### WORK TASK
Pull every line with "bool" from the data below and copy it.

### Dataset entries
--
lemma outcome_of_adopt_A:
  "outcome_of (adopt_A S) (v::'v::finite) =
     (if v \<in> S then (A, card S) else (B, CARD('v) - card S))"
proof -
  have "{w. adopt_A S w = A} = S" "{w. adopt_A S w = B} = - S"
    unfolding adopt_A_def by auto
  then show ?thesis
    unfolding outcome_of_def by (simp add: adopt_A_def card_Compl)
qed

definition A_side_stable :: "('v::finite \<Rightarrow> pref) \<Rightarrow> 'v set \<Rightarrow> bool" where
  "A_side_stable P S \<longleftrightarrow> (\<forall>Z \<subseteq> S. Z \<noteq> {} \<longrightarrow>
     (\<exists>v\<in>Z. \<not> P v (B, CARD('v) - card S + card Z) (A, card S)))"

definition B_side_stable :: "('v::finite \<Rightarrow> pref) \<Rightarrow> 'v set \<Rightarrow> bool" where
  "B_side_stable P S \<longleftrightarrow> (\<forall>Y \<subseteq> - S. Y \<noteq> {} \<longrightarrow>
     (\<exists>v\<in>Y. \<not> P v (A, card S + card Y) (B, CARD('v) - card S)))"

lemma A_side_stable_cong:
  "(\<And>v. v \<in> S \<Longrightarrow> P' v = P v) \<Longrightarrow> A_side_stable P' S \<longleftrightarrow> A_side_stable P S"
  unfolding A_side_stable_def by (metis subsetD)

lemma A_side_stable_no_joint_move:
  fixes P :: "'v::finite \<Rightarrow> pref"
  assumes stab: "A_side_stable P S" and mono: "\<forall>v. monotonic_order CARD('v) (P v)"
    and X: "X \<subseteq> S" "X \<noteq> {}" and gain: "\<forall>v\<in>X. P v (B, m) (A, a)"
    and m: "1 \<le> m" "m \<le> CARD('v) - card S + card X"
    and a: "card S \<le> a" "a \<le> CARD('v)"
  shows False
proof -
  have "1 \<le> card X" "card X \<le> card S"
    using X by (auto simp: Suc_le_eq card_gt_0_iff card_mono)
  \<comment> \<open>Z is nonempty, and by monotonicity its joint move is at least as good as (B, m).\<close>
  obtain Z where Z: "Z \<subseteq> X" "card Z = max 1 (m - (CARD('v) - card S))"
    using obtain_subset_with_card_n[of "max 1 (m - (CARD('v) - card S))" X]
      m \<open>1 \<le> card X\<close> by (metis max.bounded_iff le_diff_conv add.commute)
  have "card Z \<le> card S" "1 \<le> card Z" "Z \<subseteq> S"
    using Z X \<open>card X \<le> card S\<close> card_mono[of X Z] by auto
  have Z_ne: "Z \<noteq> {}"
    using \<open>1 \<le> card Z\<close> by auto
  obtain v where v: "v \<in> Z" "\<not> P v (B, CARD('v) - card S + card Z) (A, card S)"
    using stab Z_ne \<open>Z \<subseteq> S\<close> unfolding A_side_stable_def by blast
  have "P v (B, m) (A, a)"
    using gain v(1) Z(1) by blast
  then have "P v (B, CARD('v) - card S + card Z) (A, card S)"
    by (rule monotonic_order_mono[OF mono[rule_format]])
      (use m a Z(2) \<open>1 \<le> card X\<close> \<open>card Z \<le> card S\<close> in linarith)+
  then show False
    using v(2) by contradiction
qed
--
### RESPONSE TO THE TASK
definition A_side_stable :: "('v::finite \<Rightarrow> pref) \<Rightarrow> 'v set \<Rightarrow> bool" where
definition B_side_stable :: "('v::finite \<Rightarrow> pref) \<Rightarrow> 'v set \<Rightarrow> bool" where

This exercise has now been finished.